‘Water Days’ by Sundar Sarukkai: What it means to belong when everything around you is changing
Book Title: Water Days
Author: Sundar Sarukkai
The cover of Sundar Sarukkai’s latest novel, ‘Water Days’, aptly reflects the melting pot that Bengaluru has become — a city shaped by intersecting languages, cultures and identities. It sets the tone for a narrative rooted in the themes of migration, urbanisation and changing social fabric.
Often referred to by many names — City of Gardens, Pensioner’s Paradise, IT Capital, Pub City — Bangalore (as it was still called in the novel’s setting) is, for Sarukkai, far more than the sum of its epithets. It is a city of contradictions and convergences, where meaning is forged by a different language — a telling argument in these times of linguisitic chauvinism. As he writes, “A city is not produced by a majority, it is not a measure of numbers. A city is a quality, is yet another language.” And in this language, each individual must discover their own syntax of belonging. This linguistic meditation continues from his earlier novel, ‘Following a Prayer’, where silence bore the burden of meaning. Here, the language is more porous — it’s what the city speaks in the murmur of traffic, the trickle of water, the fragrance of coffee and sampige flowers, and the babel of its migrant communities. Sarukkai admits that this novel is not a faithful translation of what the city said to him, but rather an attempt to capture the truth in the cacophony.
Set in the 1990s, just as the winds of liberalisation begin to reshape India’s urban fabric, the story follows the life of Raghavendra, a security guard-turned-amateur detective, living with his wife Poornima and their two daughters. Around them, the city changes rapidly. Real estate speculators from Andhra Pradesh descend on Bangalore; students arrive in droves from Bihar, Bengal, and beyond; and working-class youth from Kerala and Tamil Nadu seek jobs and shelter. Their neighbourhood becomes a microcosm of India itself — a medley of languages, livelihoods and dreams, with each migrant community fitting well into the spaces apportioned to them.
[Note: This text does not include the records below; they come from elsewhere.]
lemma dpath_from_reachable:
  assumes "v = s \<or> s \<lessdot> v"
  obtains q where "dpath V E w s t q s v"
proof (cases "v = s")
  case True
  then show ?thesis using that[of "[s]"] by simp
next
  case False
  then show ?thesis using assms that dpath_if_prec by blast
qed

lemma dpath_from_source:
  assumes "v \<in> DV V E w s t"
  obtains q where "dpath V E w s t q s v"
  using dpath_from_reachable[OF DV_reachable[OF assms]] that .

lemma sdom_on_path_or_below:
  assumes "sdom V E w s t a y" "dpath V E w s t q s v" "dpath V E w s t r v y"
  shows "a \<in> set q \<or> v \<lessdot> a"
proof -
  have "dpath V E w s t (q @ tl r) s y" using dpath_append[OF assms(2,3)] .
  then have "a \<in> set (q @ tl r)" using assms(1) unfolding sdom_def by blast
  then have "a \<in> set q \<or> a \<in> set r" by (cases r) auto
  moreover have "v \<in> set q" using assms(2) last_in_set by (auto simp: dpath_def)
  ultimately show ?thesis using dpath_mem(1)[OF assms(3)] by blast
qed

lemma dist_source_le_sdom:
  assumes "sdom V E w s t a y" "u \<lessdot> y" "\<not> a \<lessdot> u"
  shows "ds u \<le> ds a"
proof -
  obtain q where q: "dpath V E w s t q s u"
    by (rule dpath_from_source[OF prec_dist_source(1)[OF assms(2)]])
  obtain r where "dpath V E w s t r u y" using dpath_if_prec assms(2) by blast
  then have "a \<in> set q \<or> u \<lessdot> a" using sdom_on_path_or_below assms(1) q by blast
  moreover have "a = u" if "a \<in> set q" using dpath_mem(2)[OF q that] assms(3) by blast
  ultimately show ?thesis using prec_dist_source(3)[of u a] by fastforce
qed
lemma length_lz77_from_equal_phrases:
  assumes "\<And>t. t < n \<Longrightarrow> phrase_len z (p + c * t) = c"
    and "p + c * n \<le> length z" and "0 < c"
  shows "length (lz77_from z p) = n + length (lz77_from z (p + c * n))"
  using assms
proof (induction n arbitrary: p)
  case 0
  then show ?case by simp
next
  case (Suc n)
  have "p < length z" using Suc.prems(2,3) by (simp add: add_less_le_mono)
  then have "length (lz77_from z p) = Suc (length (lz77_from z (p + c)))"
    using Suc.prems(1)[of 0] by (intro length_lz77_from_phrase) simp_all
  also have "length (lz77_from z (p + c)) = n + length (lz77_from z (p + c + c * n))"
  proof (rule Suc.IH)
    fix t assume "t < n"
    then show "phrase_len z (p + c + c * t) = c"
      using Suc.prems(1)[of "Suc t"] by (simp add: algebra_simps)
  qed (use Suc.prems in \<open>simp_all add: algebra_simps\<close>)
  finally show ?case by (simp add: algebra_simps)
qed

lemma length_concat_map_const:
  "(\<And>t. t < n \<Longrightarrow> length (f t) = c) \<Longrightarrow> length (concat (map f [0..<n])) = c * n"
  by (induction n) auto

lemma nth_concat_map_const:
  assumes "\<And>t. t < n \<Longrightarrow> length (f t) = c" and "t < n" and "r < c"
  shows "concat (map f [0..<n]) ! (c * t + r) = f t ! r"
  using assms
proof (induction n)
  case 0
  then show ?case by simp
next
  case (Suc n)
  have len: "length (concat (map f [0..<n])) = c * n"
    using Suc.prems(1) by (intro length_concat_map_const) auto
  show ?case
  proof (cases "t < n")
    case True
    have "c * t + r < c * n"
      using True Suc.prems(3) mult_le_mono2[of "Suc t" n c] by simp
    then show ?thesis using Suc True by (simp add: nth_append len)
  next
    case False
    with Suc.prems(2) have "t = n" by simp
    with Suc.prems show ?thesis by (simp add: nth_append len)
  qed
qed

lemma e_str_eq:
  "e_str N v i = (let p = Vx (N v ! ((i + length (N v) - 1) mod length (N v))) in
     [Pr v, p, Pr v, p, Pr v, p, Pr v, p, Pr v, Vx (N v ! (i mod length (N v)))])"
  by (simp add: e_str_def Let_def numeral_eq_Suc)

lemma length_e_str [simp]: "length (e_str N v i) = 10"
  by (simp add: e_str_eq Let_def)

lemma e_str_nth:
  assumes "r < 10"
  shows "e_str N v i ! r = (if even r then Pr v else if r < 8
     then Vx (N v ! ((i + length (N v) - 1) mod length (N v))) else Vx (N v ! (i mod length (N v))))"
proof -
  have "r \<in> {0, 1, 2, 3, 4, 5, 6, 7, 8, 9}" using assms by auto
  then show ?thesis by (auto simp: e_str_eq Let_def)
qed

lemma length_s_str [simp]: "length (s_str v) = 10"
  by (simp add: s_str_def)

lemma s_str_nth: "r < 10 \<Longrightarrow> s_str v ! r = (if r < 4 then Vx v else if r < 9 then Pr v else Dl v)"
  by (auto simp: s_str_def numeral_eq_Suc less_Suc_eq)

lemma set_s_str: "set (s_str v) = {Vx v, Pr v, Dl v}"
  by (auto simp: s_str_def)

lemma set_E_block_subset: "set (E_block N v s) \<subseteq> insert (Pr v) (range Vx)"
  by (auto simp: E_block_def e_str_eq Let_def)

lemma length_E_block [simp]: "length (E_block N v s) = 10 * length (N v)"
  unfolding E_block_def by (rule length_concat_map_const) simp

lemma E_block_nth:
  assumes "t < length (N v)" and "r < 10"
  shows "E_block N v s ! (10 * t + r) = (if even r then Pr v else if r < 8
     then Vx (N v ! ((s + t + length (N v) - 1) mod length (N v)))
     else Vx (N v ! ((s + t) mod length (N v))))"
proof -
  have "0 < length (N v)" using assms(1) by linarith
  then have pred: "(x mod length (N v) + length (N v) - 1) mod length (N v)
                   = (x + length (N v) - 1) mod length (N v)" for x
    by (metis Nat.add_diff_assoc One_nat_def Suc_leI mod_add_left_eq)
  have "E_block N v s ! (10 * t + r) = e_str N v ((s + t) mod length (N v)) ! r"
    unfolding E_block_def using assms by (intro nth_concat_map_const) auto
  then show ?thesis by (simp only: e_str_nth[OF assms(2)] pred mod_mod_trivial)
qed

lemma last_E_block:
  assumes "0 < length (N v)"
  shows "last (E_block N v s) = Vx (N v ! ((s + length (N v) - 1) mod length (N v)))"
proof -
  define d where "d = length (N v)"
  have "E_block N v s \<noteq> []" using assms by (simp flip: length_greater_0_conv)
  moreover have "length (E_block N v s) - 1 = 10 * (d - 1) + 9"
    using assms unfolding d_def length_E_block by presburger
  ultimately have "last (E_block N v s) = E_block N v s ! (10 * (d - 1) + 9)"
    by (simp add: last_conv_nth)
  also have "\<dots> = Vx (N v ! ((s + (d - 1)) mod d))"
    using assms by (simp add: E_block_nth d_def)
  also have "s + (d - 1) = s + d - 1"
    using assms unfolding d_def by linarith
  finally show ?thesis by (simp add: d_def)
qed

lemma mod_add_left_cancel_nat: "((a::nat) + x) mod n = (a + y) mod n \<longleftrightarrow> x mod n = y mod n"
  by (simp add: nat_mod_eq_iff)

section \<open>Parsing one block\<close>

locale block_layout =
  fixes N :: "'v \<Rightarrow> 'v list" and v :: 'v and s0 :: nat and A C z :: "'v sym list"
  assumes distinct_N: "distinct (N v)"
    and two_le_deg: "2 \<le> length (N v)"
    and Pr_notin_A: "Pr v \<notin> set A"
    and Dl_notin_A: "Dl v \<notin> set A"
    and last_A: "A \<noteq> [] \<Longrightarrow> last A = Vx v"
    and z_eq: "z = A @ s_str v @ E_block N v s0 @ C"
begin

abbreviation a :: nat where "a \<equiv> length A"
abbreviation d :: nat where "d \<equiv> length (N v)"

text \<open>E is e(v, nbr 0) e(v, nbr 1) ...; the cyclic predecessor of nbr t is nbr (t + d - 1).\<close>
definition nbr :: "nat \<Rightarrow> 'v" where
  "nbr t = N v ! ((s0 + t) mod d)"

lemma length_z: "length z = a + 10 + 10 * d + length C"
  by (simp add: z_eq)

lemma z_nth_A: "q < a \<Longrightarrow> z ! q \<in> set A"
  by (simp add: z_eq nth_append)

lemma z_nth_s: "n < 10 \<Longrightarrow> z ! (a + n) = (if n < 4 then Vx v else if n < 9 then Pr v else Dl v)"
  by (simp add: z_eq nth_append s_str_nth)

lemma z_nth_E:
  assumes "q = a + 10 + 10 * t + r" and "t < d" and "r < 10"
  shows "z ! q = (if even r then Pr v else if r < 8 then Vx (nbr (t + d - 1)) else Vx (nbr t))"
proof -
  have "10 * t + r < 10 * d" using assms(2,3) by linarith
  with assms(1) have "z ! q = E_block N v s0 ! (10 * t + r)"
    by (simp add: z_eq nth_append)
  with assms(2,3) show ?thesis by (simp add: E_block_nth nbr_def add.assoc)
qed

lemma E_position:
  assumes "a + 10 \<le> q" and "q < a + 10 + 10 * d"
  obtains t r where "q = a + 10 + 10 * t + r" and "t < d" and "r < 10"
proof
  let ?m = "q - a - 10"
  show "q = a + 10 + 10 * (?m div 10) + ?m mod 10" using assms(1) by simp
  show "?m div 10 < d" using assms by linarith
qed simp

lemma nbr_add_deg: "nbr (t + d) = nbr t"
  by (simp add: nbr_def add.assoc[symmetric])

lemma nbr_eq_iff: "nbr t = nbr t' \<longleftrightarrow> (s0 + t) mod d = (s0 + t') mod d"
proof -
  have "0 < d" using two_le_deg by linarith
  then show ?thesis unfolding nbr_def by (simp add: nth_eq_iff_index_eq[OF distinct_N])
qed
Amid this churning cityscape, the mysterious death of a 16-year-old girl jolts the residents out of their everyday inertia. An upset Poornima tasks her husband with investigating the incident. What follows is a meditative detective story that spans 13 days — echoing the mourning period when the soul seeks liberation — as Raghavendra collects clues and insights not just into the death, but into the death of something less tangible: the innocence of Bangalore’s past.
Sarukkai’s genius lies in the way he blends the mundane with the metaphorical. Water, for instance, is not merely a backdrop but a central motif. The novel’s title , ‘Water Days’, refers to the days when water arrives in the taps — a moment of ritual and relief, particularly for women who rise early to fill their pots at the public taps. At this gathering, as water collects in the pots, stories too flow alongside. In a city slowly running dry, it becomes a measure of both survival and sociality. And towards the end, it is water again that binds the women in a rare show of strength and sisterhood.
An ensemble of characters embodies the contradictions of Bangalore’s rapid urbanisation. There’s “Commander” Bindra from Bihar, the engineering dropout-turned-don and go-to dada for vulnerable North Indian students; Marimuthu, a migrant from Tamil Nadu, who builds a temple over an anthill and reinvents himself as Mari Gowda, a name calibrated to sound local enough to fend off land-grabbers. These characters, while bordering on the archetypal, feel entwined in the city’s reality.
By the time the novel reaches its resolution — on the final day of mourning — it offers more than just closure to a mystery. It delivers a reckoning. For Raghavendra and Poornima, as for many Bangaloreans, the violent transformations around them signal something else: of a future “contaminated with confused questions about right and wrong”.
‘Water Days’ is not just a novel about a city; it is a novel about what it means to belong when everything around you is changing. Sarukkai does not romanticise Bangalore, but he listens carefully to it, and implores you to do so as well.